Элейн закатила глаза.
– В чем дело? – Он вопросительно поднял брови. – Ты не веришь в брак по любви? Или вообще в любовь?
Она чуть стушевалась. Сначала ведь хотела пошутить над тем, какой он наивный мечтатель, но Оддин так серьезно задал вопрос, что собственная приземленность показалась ей бессердечной.
– Отчего же, – покачала головой Элейн. – Мои родители были прекрасным примером того, что брак и любовь могут идти рука об руку. Но последние десять лет я думала только о том, как бы не помереть с голоду или как бы доползти от реки с телегой мокрого белья и не упасть посреди улицы.
Если она и надеялась, что эти слова смутят Оддина, заставят устыдиться собственной беззаботности, то ошиблась. Он вдруг накрыл ее руку своей и ровным, уверенным голосом сказал:
– Любовь, Элейн, это самое прекрасное, что есть в этом мире. Это единственное, ради чего вообще стоит жить.
Он вдруг улыбнулся, так спокойно и открыто, что у нее перехватило дух. Сердце кольнуло.
– Пусть то будет любовь мужа и жены, матери и ребенка, друзей, братьев, любовь к работе или любовь к искусству, если она есть, то будет для человека источником счастья. В счастье и в любви весь смысл этой жизни.

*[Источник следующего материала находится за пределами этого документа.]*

(* Let $G$ be a connected graph with vertex set $\{v_1,\dots,v_n\}$, $n\geq 2$, and let $\widehat{G}$ be the graph constructed from $G$ as described in the context. Then the branch graph $B(\widehat{G}/C_q)$ is isomorphic to $G$, via the map $P_i\mapsto v_i$.
   Context: Construction of $\widehat{G}$: let $T$ be the star with center $q$ and leaves $y_1,\dots,y_n$. Let $\mathcal{P}$ be the family of paths of $T$ consisting of: for each $1\le i\le n$ a one-vertex path $P_i$ with $V(P_i)=\{y_i\}$; for each $1\le i<j\le n$ with $v_iv_j\in E(G)$ a path $P_{ij}$ with $V(P_{ij})=\{y_i,q,y_j\}$; for each $i$ with $d_G(v_i)=1$ a path $P_{iq}$ with $V(P_{iq})=\{q,y_i\}$. $\widehat{G}$ is the vertex-intersection graph of $\mathcal{P}$ (its vertices are the paths, two adjacent iff they share a vertex of $T$). $C_q$ is the set of paths of $\mathcal{P}$ containing $q$; it is a clique (maximal complete set) of $\widehat{G}$. For a clique $C$ of a graph $H$, the branch graph $B(H/C)$ has vertex set the vertices of $V(H)\setminus C$ adjacent to some vertex of $C$, and two such vertices $v,w$ are adjacent in $B(H/C)$ iff (1) $vw\notin E(H)$; (2) some vertex of $C$ is adjacent to both; and (3) there exist $v',w'\in C$ with $v'$ adjacent to $v$ but not to $w$, and $w'$ adjacent to $w$ but not to $v$. *)

theory Defs
  imports Main
begin

text \<open>A graph G with vertex set {v_1,...,v_n} is represented by the index set {1..n}
  and a symmetric irreflexive edge relation E on indices.\<close>

definition simple_graph :: "nat \<Rightarrow> (nat \<Rightarrow> nat \<Rightarrow> bool) \<Rightarrow> bool" where
  "simple_graph n E \<longleftrightarrow>
     (\<forall>i j. E i j \<longrightarrow> i \<in> {1..n} \<and> j \<in> {1..n}) \<and>
     (\<forall>i j. E i j \<longrightarrow> E j i) \<and> (\<forall>i. \<not> E i i)"

definition connected_graph :: "nat \<Rightarrow> (nat \<Rightarrow> nat \<Rightarrow> bool) \<Rightarrow> bool" where
  "connected_graph n E \<longleftrightarrow> (\<forall>i\<in>{1..n}. \<forall>j\<in>{1..n}. E\<^sup>*\<^sup>* i j)"

definition degree :: "nat \<Rightarrow> (nat \<Rightarrow> nat \<Rightarrow> bool) \<Rightarrow> nat \<Rightarrow> nat" where
  "degree n E i = card {j \<in> {1..n}. E i j}"

text \<open>Vertices of the star T: centre q and leaves y_i.\<close>
datatype tvert = Qc | Y nat

datatype tpath = P nat | Pij nat nat | Piq nat

fun pverts :: "tpath \<Rightarrow> tvert set" where
  "pverts (P i) = {Y i}"
| "pverts (Pij i j) = {Y i, Qc, Y j}"
| "pverts (Piq i) = {Qc, Y i}"

definition path_family :: "nat \<Rightarrow> (nat \<Rightarrow> nat \<Rightarrow> bool) \<Rightarrow> tpath set" where
  "path_family n E =
     {P i | i. i \<in> {1..n}}
   \<union> {Pij i j | i j. 1 \<le> i \<and> i < j \<and> j \<le> n \<and> E i j}
   \<union> {Piq i | i. i \<in> {1..n} \<and> degree n E i = 1}"

text \<open>Vertex-intersection graph of the family (vertex set: path_family n E).\<close>
definition hat_adj :: "tpath \<Rightarrow> tpath \<Rightarrow> bool" where
  "hat_adj p p' \<longleftrightarrow> p \<noteq> p' \<and> pverts p \<inter> pverts p' \<noteq> {}"

definition Cq :: "nat \<Rightarrow> (nat \<Rightarrow> nat \<Rightarrow> bool) \<Rightarrow> tpath set" where
  "Cq n E = {p \<in> path_family n E. Qc \<in> pverts p}"

definition branch_verts :: "'a set \<Rightarrow> ('a \<Rightarrow> 'a \<Rightarrow> bool) \<Rightarrow> 'a set \<Rightarrow> 'a set" where
  "branch_verts V A C = {v \<in> V - C. \<exists>c\<in>C. A v c}"

definition branch_adj :: "'a set \<Rightarrow> ('a \<Rightarrow> 'a \<Rightarrow> bool) \<Rightarrow> 'a set \<Rightarrow> 'a \<Rightarrow> 'a \<Rightarrow> bool" where
  "branch_adj V A C v w \<longleftrightarrow>
     v \<in> branch_verts V A C \<and> w \<in> branch_verts V A C \<and>
     \<not> A v w \<and>
     (\<exists>c\<in>C. A c v \<and> A c w) \<and>
     (\<exists>v'\<in>C. \<exists>w'\<in>C. A v' v \<and> \<not> A v' w \<and> A w' w \<and> \<not> A w' v)"

end

theory Submission
  imports Defs
begin

(* The paths of C_q are exactly the P_ij (one per edge v_i v_j of G)
   and the P_iq (one per pendant vertex v_i); the one-vertex paths P_i are never in C_q.
   Two facts about C_q carry the whole argument:
   (a) two distinct leaves y_i, y_j lie on a common path of C_q iff v_i v_j is an edge;
   (b) for every edge v_i v_j there is a path of C_q through y_i avoiding y_j: some P_ik
       with k <> j if v_i has another neighbour, and P_iq if v_i is pendant.
   Since G is connected with n >= 2, every vertex has a neighbour, so every P_i meets C_q
   and the branch vertices are exactly the P_i.  Two branch vertices P_i, P_j are adjacent
   in B(G^/C_q) iff they have a common neighbour in C_q (condition (2)), which by (a) means
   v_i v_j is an edge; conversely, for an edge, (b) supplies the witnesses of condition (3). *)

lemma hat_adj_P_iff:
  "hat_adj c (P i) \<longleftrightarrow> c \<noteq> P i \<and> Y i \<in> pverts c"
  "hat_adj (P i) c \<longleftrightarrow> c \<noteq> P i \<and> Y i \<in> pverts c"
  by (auto simp: hat_adj_def)

lemma Cq_iff:
  "c \<in> Cq n E \<longleftrightarrow>
     (\<exists>i j. c = Pij i j \<and> 1 \<le> i \<and> i < j \<and> j \<le> n \<and> E i j) \<or>
     (\<exists>i. c = Piq i \<and> i \<in> {1..n} \<and> degree n E i = 1)"
  by (auto simp: Cq_def path_family_def)

lemma P_notin_Cq: "P i \<notin> Cq n E"
  by (simp add: Cq_def)

lemma simple_graph_edgeD:
  assumes "simple_graph n E" "E i j"
  shows "E j i" "i \<noteq> j" "i \<in> {1..n}" "j \<in> {1..n}"
  using assms unfolding simple_graph_def by blast+

lemma connected_has_neighbour:
  assumes "connected_graph n E" "n \<ge> 2" "i \<in> {1..n}"
  shows "\<exists>k. E i k"
proof -
  obtain j where j: "j \<in> {1..n}" "j \<noteq> i"
  proof (cases "i = 1")
    case True
    then show ?thesis using assms(2) by (intro that[of 2]) auto
  next
    case False
    then show ?thesis using assms(2,3) by (intro that[of 1]) auto
  qed
  have "E\<^sup>*\<^sup>* i j"
    using assms(1,3) j(1) unfolding connected_graph_def by blast
  then show ?thesis
    using j(2) by (cases rule: converse_rtranclpE) auto
qed

lemma edge_covered_by_Cq:
  assumes "simple_graph n E" "E i j"
  shows "\<exists>c\<in>Cq n E. Y i \<in> pverts c \<and> Y j \<in> pverts c"
proof (cases "i < j")
  case True
  then show ?thesis
    using assms simple_graph_edgeD[OF assms] by (intro bexI[of _ "Pij i j"]) (auto simp: Cq_iff)
next
  case False
  then have "j < i"
    using simple_graph_edgeD(2)[OF assms] by simp
  then show ?thesis
    using simple_graph_edgeD[OF assms] by (intro bexI[of _ "Pij j i"]) (auto simp: Cq_iff)
qed

text \<open>Fact (a), backward direction: two distinct leaves on a common path of C_q are
  adjacent in G, since that path must be P_ij.\<close>
lemma Cq_common_path_imp_edge:
  assumes "simple_graph n E" "c \<in> Cq n E" "Y i \<in> pverts c" "Y j \<in> pverts c" "i \<noteq> j"
  shows "E i j"
  using assms(2-5) simple_graph_edgeD(1)[OF assms(1)] unfolding Cq_iff
  by (elim disjE exE conjE) auto

lemma Cq_private_path:
  assumes "simple_graph n E" "E i j"
  shows "\<exists>c\<in>Cq n E. Y i \<in> pverts c \<and> Y j \<notin> pverts c"
proof (cases "\<exists>k. E i k \<and> k \<noteq> j")
  case True
  then obtain k where k: "E i k" "k \<noteq> j"
    by blast
  obtain c where c: "c \<in> Cq n E" "Y i \<in> pverts c" "Y k \<in> pverts c"
    using edge_covered_by_Cq[OF assms(1) k(1)] by blast
  have "i \<noteq> j" "i \<noteq> k"
    using simple_graph_edgeD(2)[OF assms(1)] assms(2) k(1) by auto
  then have "Y j \<notin> pverts c"
    using c k(2) unfolding Cq_iff by (elim disjE exE conjE) auto
  then show ?thesis
    using c by blast
next
  case False
  note ij = simple_graph_edgeD[OF assms]
  have "{k \<in> {1..n}. E i k} = {j}"
    using False assms(2) ij(4) by blast
  then have "degree n E i = 1"
    by (simp add: degree_def)
  then show ?thesis
    using ij by (intro bexI[of _ "Piq i"]) (simp_all add: Cq_iff)
qed

lemma branch_verts_Cq:
  assumes "simple_graph n E" "connected_graph n E" "n \<ge> 2"
  shows "branch_verts (path_family n E) hat_adj (Cq n E) = P ` {1..n}"
proof
  show "branch_verts (path_family n E) hat_adj (Cq n E) \<subseteq> P ` {1..n}"
    by (auto simp: branch_verts_def path_family_def Cq_def)
next
  show "P ` {1..n} \<subseteq> branch_verts (path_family n E) hat_adj (Cq n E)"
  proof
    fix x assume "x \<in> P ` {1..n}"
    then obtain i where i: "i \<in> {1..n}" "x = P i"
      by auto
    obtain k where "E i k"
      using connected_has_neighbour[OF assms(2,3) i(1)] by blast
    then obtain c where c: "c \<in> Cq n E" "Y i \<in> pverts c"
      using edge_covered_by_Cq[OF assms(1)] by blast
    have "hat_adj (P i) c"
      using c P_notin_Cq[of i n E] by (auto simp: hat_adj_P_iff)
    then show "x \<in> branch_verts (path_family n E) hat_adj (Cq n E)"
      using i c(1) by (auto simp: branch_verts_def path_family_def P_notin_Cq)
  qed
qed

text \<open>Adjacency in the branch graph forces an edge: condition (3) gives i \<noteq> j and
  condition (2) a common path of C_q through y_i and y_j.\<close>
lemma branch_adj_imp_edge:
  assumes "simple_graph n E" "branch_adj (path_family n E) hat_adj (Cq n E) (P i) (P j)"
  shows "E i j"
proof -
  obtain v' where v': "hat_adj v' (P i)" "\<not> hat_adj v' (P j)"
    using assms(2) unfolding branch_adj_def by blast
  then have "i \<noteq> j"
    by metis
  obtain c where c: "c \<in> Cq n E" "hat_adj c (P i)" "hat_adj c (P j)"
    using assms(2) unfolding branch_adj_def by blast
  then show ?thesis
    using Cq_common_path_imp_edge[OF assms(1) c(1) _ _ \<open>i \<noteq> j\<close>] by (simp add: hat_adj_P_iff)
qed

lemma edge_imp_branch_adj:
  assumes "simple_graph n E" "E i j"
    and "P i \<in> branch_verts (path_family n E) hat_adj (Cq n E)"
    and "P j \<in> branch_verts (path_family n E) hat_adj (Cq n E)"
  shows "branch_adj (path_family n E) hat_adj (Cq n E) (P i) (P j)"
proof -
  have "i \<noteq> j" "E j i"
    using simple_graph_edgeD[OF assms(1,2)] by auto
  then have not_adj: "\<not> hat_adj (P i) (P j)"
    by (auto simp: hat_adj_def)
  obtain c where c: "c \<in> Cq n E" "Y i \<in> pverts c" "Y j \<in> pverts c"
    using edge_covered_by_Cq[OF assms(1,2)] by blast
  obtain v' where v': "v' \<in> Cq n E" "Y i \<in> pverts v'" "Y j \<notin> pverts v'"
    using Cq_private_path[OF assms(1,2)] by blast
  obtain w' where w': "w' \<in> Cq n E" "Y j \<in> pverts w'" "Y i \<notin> pverts w'"
    using Cq_private_path[OF assms(1) \<open>E j i\<close>] by blast
  have "hat_adj c (P i)" "hat_adj c (P j)" "hat_adj v' (P i)" "\<not> hat_adj v' (P j)"
       "hat_adj w' (P j)" "\<not> hat_adj w' (P i)"
    using c v' w' P_notin_Cq[of _ n E] by (auto simp: hat_adj_P_iff)
  then show ?thesis
    unfolding branch_adj_def using assms(3,4) not_adj c(1) v'(1) w'(1) by blast
qed

theorem claim1:
  fixes n :: nat and E :: "nat \<Rightarrow> nat \<Rightarrow> bool"
  assumes "simple_graph n E" and "connected_graph n E" and "n \<ge> 2"
  shows "bij_betw P {1..n} (branch_verts (path_family n E) hat_adj (Cq n E)) \<and>
         (\<forall>i\<in>{1..n}. \<forall>j\<in>{1..n}.
            branch_adj (path_family n E) hat_adj (Cq n E) (P i) (P j) \<longleftrightarrow> E i j)"
proof (intro conjI ballI)
  note branch_verts = branch_verts_Cq[OF assms]
  show "bij_betw P {1..n} (branch_verts (path_family n E) hat_adj (Cq n E))"
    unfolding branch_verts by (simp add: bij_betw_def inj_on_def)
  fix i j assume "i \<in> {1..n}" "j \<in> {1..n}"
  then show "branch_adj (path_family n E) hat_adj (Cq n E) (P i) (P j) \<longleftrightarrow> E i j"
    using branch_adj_imp_edge[OF assms(1)] edge_imp_branch_adj[OF assms(1)]
    unfolding branch_verts by blast
qed

end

Элейн смотрела и смотрела в его глаза, ощущая, как кровь приливает к лицу, как становится жарко.
– Ты нежный, как кроличий хвостик, – прокомментировала она, пытаясь скрыть смущение за язвительностью. – Тебя, наверное, ужасно дразнили в детстве.
Оддин рассмеялся:
– Это правда. Доставалось от Ковина и отца, они терпеть не могли, когда я бежал к матери с каждой ссадиной.
Он хмыкнул: можно было подумать, что делился теплыми детскими воспоминаниями, но Элейн это вовсе не казалось милым.
– Но я быстро понял, что против них мне поможет только сила, поэтому с юных лет много тренировался. Ты не представляешь, как я мечтал, что однажды смогу одолеть обоих в рукопашном бою, и они, постанывая, лежа на земле, будут просить о пощаде…
Отчего же, она легко могла это представить.
– Но сбыться этому было не суждено, – вздохнул Оддин: впрочем, вздох был не слишком печальным, скорее полным досады. – Отец умер раньше, чем я смог набраться сил. А там и Ковину стало не до меня.
Видимо, заметив взгляд Элейн, полный сожаления, он бодрее добавил:
– К тому же он вовремя заметил, как силен я стал. – Оддин поиграл мышцами на руках, чуть выпятил широкую грудь. – От этого тела веет мощью, не каждый решится вступить в бой.
Элейн не смогла сдержать улыбку, но все же покачала головой, будто осуждая такое дурачество.
– Короче говоря, Ковин перестал прибегать к физической силе. – Оддин вернулся к прежнему спокойному тону. – Теперь он пользовался своим положением главы семьи, временами шантажировал меня матерью, угрожал, что отошлет ее в другой город или перестанет выделять средства. Порой влиял через учителей. Убеждал их, что я никчемный ученик, постоянно лгу, поэтому мне не стоить верить на слово. В общем, – Оддин вдруг прервал свой рассказ, решительно ударив себя по бедрам, будто стряхивая воспоминания, – мне действительно порой приходилось несладко из-за добросердечной натуры, но, к счастью, это только укрепило мой дух. Думаю, за это стоит благодарить мою мать.
Элейн несколько мгновений смотрела на него, а затем встала.
– Знаешь, это очень интересно, но мне пора идти, – заявила она. – Спасибо за ужин.